3 · Source: address vs subnets
I initially built several rules with a source of “interface address” (the firewall’s single IP on that VLAN) instead of “interface subnets” (the whole client network). Since client devices never send from the firewall’s own address, those rules matched nothing — which would have made IoT appear dead and left Guest wide open. Correcting every source to the subnet form fixed both at once. Lesson banked: source is almost always the subnet.
4 · The big one: nothing crossed the virtual switch
The hardest problem: with everything apparently configured correctly, the client could not pull a DHCP lease on any VLAN. Rather than guess, I isolated the fault layer by layer:
- Client side: the VLAN sub-interface was up and tagging correctly (confirmed with
ip -d link) — so the client was fine. - Firewall side: all three VLAN interfaces showed up with correct IPs — so the config was fine. But their inbound packet counters read zero: the firewall was hearing nothing.

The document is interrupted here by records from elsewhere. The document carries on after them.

(* For all integers $n\ge0$: \begin{align*} pl_4(4n+1)&\equiv pl_4(4n+2)+pl_4(4n+3)\pmod 4,\\ pl_4(4n+3)&\equiv 0\pmod 2,\\ pl_8(8n+5)\equiv pl_8(8n+6)&\equiv pl_8(8n+7)\equiv 0\pmod 2. \end{align*}
   Context: For a positive integer $k$, $pl_k(n)$ denotes the number of $k$-component plane partitions of $n$ (plane partitions of $n$ all of whose entries are $\le k$), with $pl_k(0)=1$ and $pl_k(n)=0$ for $n<0$; equivalently $\sum_{n\ge0}pl_k(n)q^n=\prod_{n=1}^{\infty}(1-q^n)^{-\min(k,n)}$. *)

theory Defs
  imports "HOL-Computational_Algebra.Formal_Power_Series" "HOL-Number_Theory.Cong"
begin

text \<open>geo m = 1/(1 - q^m) = sum_{j>=0} q^(m j), as an integer power series (m >= 1).\<close>
definition geo :: "nat \<Rightarrow> int fps" where
  "geo m = Abs_fps (\<lambda>i. if m dvd i then 1 else 0)"

text \<open>The generating function prod_{m>=1} (1-q^m)^{-min(k,m)}, truncated to the
  factors m <= N. Its coefficients of q^n for n <= N agree with those of the
  full infinite product, since the omitted factors are 1 + O(q^(N+1)).\<close>
definition pl_gf :: "nat \<Rightarrow> nat \<Rightarrow> int fps" where
  "pl_gf k N = (\<Prod>m\<in>{1..N}. geo m ^ min k m)"

definition pl :: "nat \<Rightarrow> int \<Rightarrow> int" where
  "pl k n = (if n < 0 then 0 else fps_nth (pl_gf k (nat n)) (nat n))"


end

theory Submission
  imports Defs "HOL-Computational_Algebra.Polynomial_FPS"
begin

text \<open>
  Split the generating function as \<open>P\<^sub>k(q) \<cdot> \<Prod>\<^sub>m (1 - q\<^sup>m)\<^sup>-\<^sup>k\<close> with the polynomial
  \<open>P\<^sub>k(q) = \<Prod>\<^sub>m\<^sub><\<^sub>k (1 - q\<^sup>m)\<^sup>k\<^sup>-\<^sup>m\<close>. Since \<open>(1 - y)\<^sup>2 \<equiv> 1 - y\<^sup>2\<close> (mod 2) and
  \<open>(1 - y)\<^sup>4 \<equiv> (1 - y\<^sup>2)\<^sup>2\<close> (mod 4), the infinite product is congruent modulo 2 to a
  series in \<open>q\<^sup>k\<close> (for \<open>k = 4, 8\<close>), and for \<open>k = 4\<close> modulo 4 to a series in \<open>q\<^sup>2\<close>.
  Hence the coefficients of \<open>pl\<^sub>k\<close> in a fixed residue class are governed by those of
  \<open>P\<^sub>k\<close> in that class: all coefficients of \<open>P\<^sub>8\<close> at exponents \<open>\<equiv> 5, 6, 7\<close> (mod 8)
  are even, and \<open>P\<^sub>4 \<equiv> (1 + q + q\<^sup>2)(1 + q\<^sup>4)\<^sup>2\<close> (mod 4). Both facts about the two
  explicit polynomials are checked by computation.
\<close>

unbundle fps_syntax

definition fps_cong :: "int \<Rightarrow> int fps \<Rightarrow> int fps \<Rightarrow> bool" where
  "fps_cong d f g \<longleftrightarrow> (\<forall>i. [f $ i = g $ i] (mod d))"

lemma fps_cong_refl: "fps_cong d f f"
  by (simp add: fps_cong_def)

lemma fps_cong_sym: "fps_cong d f g \<Longrightarrow> fps_cong d g f"
  by (simp add: fps_cong_def cong_sym)

lemma fps_cong_trans [trans]: "fps_cong d f g \<Longrightarrow> fps_cong d g h \<Longrightarrow> fps_cong d f h"
  unfolding fps_cong_def using cong_trans by blast

lemma fps_cong_mult:
  "fps_cong d f f' \<Longrightarrow> fps_cong d g g' \<Longrightarrow> fps_cong d (f * g) (f' * g')"
  unfolding fps_cong_def fps_mult_nth by (intro allI cong_sum cong_mult) auto

lemma fps_cong_power: "fps_cong d f g \<Longrightarrow> fps_cong d (f ^ n) (g ^ n)"
  by (induction n) (auto intro: fps_cong_mult fps_cong_refl)

lemma fps_cong_prod:
  "(\<And>x. x \<in> A \<Longrightarrow> fps_cong d (f x) (g x)) \<Longrightarrow> fps_cong d (\<Prod>x\<in>A. f x) (\<Prod>x\<in>A. g x)"
  by (induction A rule: infinite_finite_induct) (auto intro: fps_cong_mult fps_cong_refl)

lemma fps_cong_if_diff_eq_multiple: "f - g = numeral d * h \<Longrightarrow> fps_cong (numeral d) f g"
  unfolding fps_cong_def cong_iff_dvd_diff
  by (metis dvd_triv_left numeral_fps_const fps_mult_left_const_nth fps_sub_nth)

lemma fps_cong_inverses:
  assumes "fps_cong d (a * u) 1" and "fps_cong d (b * v) 1" and "fps_cong d u v"
  shows "fps_cong d a b"
proof -
  have "fps_cong d (a * 1) (a * (b * v))"
    by (rule fps_cong_mult[OF fps_cong_refl fps_cong_sym[OF assms(2)]])
  also have "fps_cong d \<dots> (b * (a * u))"
    using fps_cong_mult[OF fps_cong_refl fps_cong_mult[OF fps_cong_refl fps_cong_sym[OF assms(3)]]]
    by (simp add: ac_simps)
  also have "fps_cong d \<dots> (b * 1)"
    by (rule fps_cong_mult[OF fps_cong_refl assms(1)])
  finally show ?thesis by simp
qed

definition supported_on_multiples :: "nat \<Rightarrow> 'a :: comm_semiring_1 fps \<Rightarrow> bool" where
  "supported_on_multiples d f \<longleftrightarrow> (\<forall>i. \<not> d dvd i \<longrightarrow> f $ i = 0)"

lemma supported_on_multiples_1: "supported_on_multiples d (1 :: 'a :: comm_semiring_1 fps)"
  by (simp add: supported_on_multiples_def)

lemma supported_on_multiples_mult:
  assumes "supported_on_multiples d f" and "supported_on_multiples d g"
  shows "supported_on_multiples d (f * g)"
  unfolding supported_on_multiples_def
proof (intro allI impI)
  fix n assume n: "\<not> d dvd n"
  have "f $ i * g $ (n - i) = 0" if "i \<le> n" for i
  proof -
    have "\<not> d dvd i \<or> \<not> d dvd (n - i)"
      using n that by (metis dvd_add le_add_diff_inverse)
    then show ?thesis using assms unfolding supported_on_multiples_def by auto
  qed
  then show "(f * g) $ n = 0" unfolding fps_mult_nth by (intro sum.neutral) simp
qed

lemma supported_on_multiples_power:
  "supported_on_multiples d f \<Longrightarrow> supported_on_multiples d (f ^ n)"
  by (induction n) (auto intro: supported_on_multiples_mult supported_on_multiples_1)

lemma supported_on_multiples_prod:
  "(\<And>x. x \<in> A \<Longrightarrow> supported_on_multiples d (f x)) \<Longrightarrow> supported_on_multiples d (\<Prod>x\<in>A. f x)"
  by (induction A rule: infinite_finite_induct)
     (auto intro: supported_on_multiples_mult supported_on_multiples_1)

lemma supported_on_multiples_geo: "supported_on_multiples d (geo (d * m))"
  unfolding supported_on_multiples_def geo_def by auto

lemma supported_on_multiples_1_plus_X_power: "supported_on_multiples d (1 + fps_X ^ d)"
  unfolding supported_on_multiples_def by auto

lemma coeff_mult_cong_0_if_supported:
  assumes "fps_cong p g h" and "supported_on_multiples d h"
    and "\<And>j. [j = i] (mod d) \<Longrightarrow> [f $ j = 0] (mod p)"
  shows "[(f * g) $ i = 0] (mod p)"
proof -
  have "[(f * g) $ i = (f * h) $ i] (mod p)"
    using fps_cong_mult[OF fps_cong_refl assms(1)] unfolding fps_cong_def by blast
  moreover have "[f $ j * h $ (i - j) = 0] (mod p)" if "j \<le> i" for j
  proof (cases "d dvd (i - j)")
    case True
    then have "[j = i] (mod d)"
      using that by (simp add: cong_altdef_nat cong_sym_eq)
    then show ?thesis using assms(3) cong_scalar_right by fastforce
  next
    case False
    then show ?thesis using assms(2) unfolding supported_on_multiples_def by simp
  qed
  then have "[(f * h) $ i = (\<Sum>j = 0..i. 0)] (mod p)"
    unfolding fps_mult_nth by (intro cong_sum) simp
  ultimately show ?thesis by (simp add: cong_trans)
qed

lemma geo_mult_one_minus_X_power:
  assumes "m \<ge> 1"
  shows "geo m * (1 - fps_X ^ m) = 1"
proof (rule fps_ext)
  fix n
  have "geo m * (1 - fps_X ^ m) = geo m - fps_X ^ m * geo m" by (simp add: algebra_simps)
  then have "(geo m * (1 - fps_X ^ m)) $ n = geo m $ n - (if n < m then 0 else geo m $ (n - m))"
    by (simp add: fps_X_power_mult_nth)
  also have "\<dots> = (1 :: int fps) $ n"
  proof (cases "n < m")
    case True
    then have "m dvd n \<longleftrightarrow> n = 0" using assms by (auto dest: dvd_imp_le)
    then show ?thesis using True by (simp add: geo_def)
  next
    case False
    then show ?thesis using assms by (simp add: geo_def dvd_minus_self)
  qed
  finally show "(geo m * (1 - fps_X ^ m)) $ n = (1 :: int fps) $ n" .
qed

lemma geo_power_mult_one_minus_X_power:
  "m \<ge> 1 \<Longrightarrow> geo m ^ e * (1 - fps_X ^ m) ^ e = 1"
  by (simp add: power_mult_distrib[symmetric] geo_mult_one_minus_X_power)

lemma geo_square_cong: "m \<ge> 1 \<Longrightarrow> fps_cong 2 (geo m ^ 2) (geo (2 * m))"
proof (rule fps_cong_inverses[where u = "(1 - fps_X ^ m) ^ 2" and v = "1 - fps_X ^ (2 * m)"])
  assume m: "m \<ge> 1"
  show "fps_cong 2 (geo m ^ 2 * (1 - fps_X ^ m) ^ 2) 1"
    using geo_power_mult_one_minus_X_power[OF m] by (simp add: fps_cong_refl)
  show "fps_cong 2 (geo (2 * m) * (1 - fps_X ^ (2 * m))) 1"
    using geo_mult_one_minus_X_power[of "2 * m"] m by (simp add: fps_cong_refl)
  have diff: "(1 - y) ^ 2 - (1 - y ^ 2) = 2 * (y ^ 2 - y)" for y :: "int fps" by algebra
  have X_power: "(fps_X :: int fps) ^ (2 * m) = (fps_X ^ m) ^ 2"
    by (simp add: power_mult mult.commute)
  show "fps_cong 2 ((1 - fps_X ^ m) ^ 2) (1 - fps_X ^ (2 * m))"
    unfolding X_power by (rule fps_cong_if_diff_eq_multiple[OF diff])
qed

lemma geo_power_two_pow_cong: "m \<ge> 1 \<Longrightarrow> fps_cong 2 (geo m ^ 2 ^ e) (geo (2 ^ e * m))"
proof (induction e)
  case 0
  show ?case by (simp add: fps_cong_refl)
next
  case (Suc e)
  have "fps_cong 2 ((geo m ^ 2 ^ e) ^ 2) (geo (2 ^ e * m) ^ 2)"
    using Suc by (intro fps_cong_power) simp
  also have "fps_cong 2 \<dots> (geo (2 * (2 ^ e * m)))"
    using Suc.prems by (intro geo_square_cong) simp
  finally show ?case by (simp add: power_mult[symmetric] mult.commute mult.left_commute)
qed

lemma geo_fourth_power_cong: "m \<ge> 1 \<Longrightarrow> fps_cong 4 (geo m ^ 4) (geo (2 * m) ^ 2)"
proof (rule fps_cong_inverses[where u = "(1 - fps_X ^ m) ^ 4" and v = "(1 - fps_X ^ (2 * m)) ^ 2"])
  assume m: "m \<ge> 1"
  show "fps_cong 4 (geo m ^ 4 * (1 - fps_X ^ m) ^ 4) 1"
    using geo_power_mult_one_minus_X_power[OF m] by (simp add: fps_cong_refl)
  show "fps_cong 4 (geo (2 * m) ^ 2 * (1 - fps_X ^ (2 * m)) ^ 2) 1"
    using geo_power_mult_one_minus_X_power[of "2 * m"] m by (simp add: fps_cong_refl)
  have diff: "(1 - y) ^ 4 - (1 - y ^ 2) ^ 2 = 4 * (2 * y ^ 2 - y - y ^ 3)" for y :: "int fps"
    by algebra
  have X_power: "(fps_X :: int fps) ^ (2 * m) = (fps_X ^ m) ^ 2"
    by (simp add: power_mult mult.commute)
  show "fps_cong 4 ((1 - fps_X ^ m) ^ 4) ((1 - fps_X ^ (2 * m)) ^ 2)"
    unfolding X_power by (rule fps_cong_if_diff_eq_multiple[OF diff])
qed

definition one_below :: "nat \<Rightarrow> 'a :: semiring_1 fps \<Rightarrow> bool" where
  "one_below m g \<longleftrightarrow> (\<forall>j<m. g $ j = (1 :: 'a fps) $ j)"

lemma coeff_mult_one_below: "one_below m g \<Longrightarrow> j < m \<Longrightarrow> (f * g) $ j = f $ j"
  unfolding fps_mult_nth one_below_def
  by (subst sum.remove[of _ j]) (auto intro!: sum.neutral)

lemma one_below_power: "one_below m g \<Longrightarrow> one_below m (g ^ e)"
  by (induction e) (auto simp: one_below_def coeff_mult_one_below)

- Cross-check: even untagged pings across the virtual network failed. When nothing crosses at all — tagged or untagged — the fault is the switch fabric itself, not the VLANs.

Root cause. I’d opened the VMware Virtual Network Editor in read-only mode. Every earlier “re-apply” of the host-only network looked like it worked, but the
Applybutton was inactive — so the underlying virtual switch was never actually rebuilt. Clicking Change Settings to elevate to admin, then toggling and re-applying the network, rebuilt the switch. The DHCP lease landed on the very next attempt.

The lesson generalises well beyond this bug: a healthy-looking config on both endpoints doesn’t prove the medium between them works. Testing the untagged path was what pointed past the VLANs to the switch.
Outcome
The finished lab is a firewall enforcing genuine three-way isolation, verifiable on demand: a single client machine can drop onto any zone by changing one VLAN tag and observe exactly the access that zone’s rules permit. Blocked traffic can be watched live in the firewall logs as it’s dropped.
- VLANs & 802.1Q trunking — tagging, a shared trunk, per-VLAN subnets and DHCP.
- Inter-VLAN routing & firewalling — router-on-a-stick with default-deny, stateful, ordered rules.
- Firewall rule design — reusable aliases, DNS-before-block ordering, least-privilege zones.
- Systematic troubleshooting — isolating a fault across client, firewall, and switch layers instead of guessing.
- Virtualisation — recreating a full managed-switch topology, and a real desktop client, with zero physical hardware.
Every concept here — trunking, tagging, inter-VLAN routing, zone-based firewalling — is exactly what runs on physical enterprise gear. The only difference is that the switch, the cabling, and the test PCs were all software. The design, and the isolation it enforces, are the real thing.